Task statement :: What appears from the first line of the data below through the line containing "deriv (\<lambda>v. Yk", both included, should be copied exactly, and nothing else.

[Records from a dataset]
(* Let $\varepsilon>0$ be sufficiently small, $0<\theta<\pi/2$, $\tilde\eta>0$, and let $\Delta_\varepsilon=\{x\in\mathbb C:|x-\rho|<\varepsilon,\ |\arg(x-\rho)|>\theta\}$ and $\Xi_k=\{u\in\mathbb C:|u|\le1,\ k|u-1|\le\tilde\eta\}$. Then there is $0<L<1$ such that, for $u\in\Xi_k$ and $x\in\Delta_\varepsilon$, $$\sum_{i\ge2}\gamma_k(x^i,u^i)=O(L^k).$$
   Context: Let $y(x)=\sum_{n\ge1}y_nx^n$, $y_n$ the number of unlabelled rooted trees with $n$ vertices; it satisfies $y(x)=x\exp(\sum_{i\ge1}y(x^i)/i)$, has radius of convergence $\rho\in(0,1)$, $y(\rho)=1$. Define $y_0(x,u)=uy(x)$, $y_{k+1}(x,u)=x\exp\left(\sum_{i\ge1}y_k(x^i,u^i)/i\right)$, and $\gamma_k(x,u)=\frac{\partial}{\partial u}y_k(x,u)$. *)

theory Defs
  imports "HOL-Analysis.Analysis" "HOL-Library.Multiset"
begin

text \<open>Unlabelled rooted trees: a root together with a multiset of subtrees.
  Two trees are equal iff they are isomorphic as rooted trees.\<close>
datatype rtree = Node "rtree multiset"

primrec nverts :: "rtree \<Rightarrow> nat" where
  "nverts (Node ts) = Suc (sum_mset (image_mset nverts ts))"

definition ycount :: "nat \<Rightarrow> nat" where
  "ycount n = card {t. nverts t = n}"

definition ygf :: "complex \<Rightarrow> complex" where
  "ygf x = (\<Sum>n. of_nat (ycount n) * x ^ n)"

definition rho :: real where
  "rho = real_of_ereal (conv_radius (\<lambda>n. (of_nat (ycount n) :: complex)))"

primrec Yk :: "nat \<Rightarrow> complex \<Rightarrow> complex \<Rightarrow> complex" where
  "Yk 0 x u = u * ygf x"
| "Yk (Suc k) x u = x * exp (\<Sum>i. Yk k (x ^ Suc i) (u ^ Suc i) / of_nat (Suc i))"

definition gammak :: "nat \<Rightarrow> complex \<Rightarrow> complex \<Rightarrow> complex" where
  "gammak k x u = deriv (\<lambda>v. Yk k x v) u"

definition Delta :: "real \<Rightarrow> real \<Rightarrow> complex set" where
  "Delta \<epsilon> \<theta> = {x. cmod (x - complex_of_real rho) < \<epsilon> \<and> \<bar>Arg (x - complex_of_real rho)\<bar> > \<theta>}"

definition Xi :: "real \<Rightarrow> nat \<Rightarrow> complex set" where
  "Xi \<eta> k = {u. cmod u \<le> 1 \<and> real k * cmod (u - 1) \<le> \<eta>}"

end

theory Submission
  imports Defs
begin

text \<open>Only the size of \<open>x\<close> matters. Splitting off the root gives \<open>W\<^sub>N\<^sub>+\<^sub>1 \<le> x \<Sum>\<^sub>k W\<^sub>N\<^sup>k\<close> for
  the partial sums \<open>W\<^sub>N\<close> of \<open>y(x)\<close>, so \<open>|y(z)| \<le> 3/2 |z|\<close> for \<open>|z| \<le> 2/9\<close>; keeping only roots with
  at most two subtrees gives \<open>W\<^sub>2\<^sub>N\<^sub>+\<^sub>1 \<ge> x (1 + W\<^sub>N + W\<^sub>N\<^sup>2/2)\<close>, so the partial sums of \<open>y(5/12)\<close>
  are unbounded and \<open>\<rho> \<le> 5/12\<close>. Hence every \<open>x \<in> \<Delta>\<^sub>\<epsilon>\<close> has \<open>|x| \<le> 21/50\<close> and \<open>|x\<^sup>i| < 9/50\<close>
  for \<open>i \<ge> 2\<close>. In that region the recursion is a contraction: with \<open>s = |z| max 1 |v|\<close>,
  induction on \<open>k\<close> gives \<open>|y\<^sub>k(z,v)| \<le> 2s\<close> and \<open>|\<partial>\<^sub>v y\<^sub>k(z,v)| max 1 |v| \<le> 3/2 (18/41)\<^sup>k s\<close>,
  since differentiating \<open>z exp (\<Sum>\<^sub>i y\<^sub>k(z\<^sup>i,v\<^sup>i)/i)\<close> in \<open>v\<close> multiplies by a series dominated by
  \<open>\<Sum>\<^sub>i s\<^sup>i = s/(1-s)\<close>. Summing these geometric bounds over \<open>i \<ge> 2\<close> gives the theorem with
  \<open>L = 18/41\<close>.\<close>

lemma nverts_pos: "0 < nverts t"
  by (cases t) auto

lemma nverts_Node_mset: "nverts (Node (mset xs)) = Suc (sum_list (map nverts xs))"
  by (simp add: sum_mset_sum_list flip: mset_map)

definition trees_upto :: "nat \<Rightarrow> rtree set" where
  "trees_upto N = {t. nverts t \<le> N}"

lemma trees_upto_0: "trees_upto 0 = {}"
  using nverts_pos by (auto simp: trees_upto_def)

lemma children_in_trees_upto:
  assumes "nverts (Node (mset xs)) \<le> Suc N"
  shows "set xs \<subseteq> trees_upto N" and "length xs \<le> N"
proof -
  have total: "sum_list (map nverts xs) \<le> N"
    using assms unfolding nverts_Node_mset by simp
  show "set xs \<subseteq> trees_upto N"
    using total member_le_sum_list[of _ "map nverts xs"] by (fastforce simp: trees_upto_def)
  have "length xs \<le> sum_list (map nverts xs)"
    using sum_list_mono[of xs "\<lambda>_. 1" nverts] nverts_pos by (simp add: Suc_leI sum_list_triv)
  with total show "length xs \<le> N" by simp
qed

lemma trees_upto_Suc_subset:
  "trees_upto (Suc N) \<subseteq> (\<lambda>xs. Node (mset xs)) ` {xs. set xs \<subseteq> trees_upto N \<and> length xs \<le> N}"
proof
  fix t assume t: "t \<in> trees_upto (Suc N)"
  obtain xs where "t = Node (mset xs)"
    by (metis ex_mset rtree.exhaust)
  with t children_in_trees_upto
  show "t \<in> (\<lambda>xs. Node (mset xs)) ` {xs. set xs \<subseteq> trees_upto N \<and> length xs \<le> N}"
    by (auto simp: trees_upto_def)
qed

Answer area ::
(* Let $\varepsilon>0$ be sufficiently small, $0<\theta<\pi/2$, $\tilde\eta>0$, and let $\Delta_\varepsilon=\{x\in\mathbb C:|x-\rho|<\varepsilon,\ |\arg(x-\rho)|>\theta\}$ and $\Xi_k=\{u\in\mathbb C:|u|\le1,\ k|u-1|\le\tilde\eta\}$. Then there is $0<L<1$ such that, for $u\in\Xi_k$ and $x\in\Delta_\varepsilon$, $$\sum_{i\ge2}\gamma_k(x^i,u^i)=O(L^k).$$
   Context: Let $y(x)=\sum_{n\ge1}y_nx^n$, $y_n$ the number of unlabelled rooted trees with $n$ vertices; it satisfies $y(x)=x\exp(\sum_{i\ge1}y(x^i)/i)$, has radius of convergence $\rho\in(0,1)$, $y(\rho)=1$. Define $y_0(x,u)=uy(x)$, $y_{k+1}(x,u)=x\exp\left(\sum_{i\ge1}y_k(x^i,u^i)/i\right)$, and $\gamma_k(x,u)=\frac{\partial}{\partial u}y_k(x,u)$. *)

theory Defs
  imports "HOL-Analysis.Analysis" "HOL-Library.Multiset"
begin

text \<open>Unlabelled rooted trees: a root together with a multiset of subtrees.
  Two trees are equal iff they are isomorphic as rooted trees.\<close>
datatype rtree = Node "rtree multiset"

primrec nverts :: "rtree \<Rightarrow> nat" where
  "nverts (Node ts) = Suc (sum_mset (image_mset nverts ts))"

definition ycount :: "nat \<Rightarrow> nat" where
  "ycount n = card {t. nverts t = n}"

definition ygf :: "complex \<Rightarrow> complex" where
  "ygf x = (\<Sum>n. of_nat (ycount n) * x ^ n)"

definition rho :: real where
  "rho = real_of_ereal (conv_radius (\<lambda>n. (of_nat (ycount n) :: complex)))"

primrec Yk :: "nat \<Rightarrow> complex \<Rightarrow> complex \<Rightarrow> complex" where
  "Yk 0 x u = u * ygf x"
| "Yk (Suc k) x u = x * exp (\<Sum>i. Yk k (x ^ Suc i) (u ^ Suc i) / of_nat (Suc i))"

definition gammak :: "nat \<Rightarrow> complex \<Rightarrow> complex \<Rightarrow> complex" where
  "gammak k x u = deriv (\<lambda>v. Yk k x v) u"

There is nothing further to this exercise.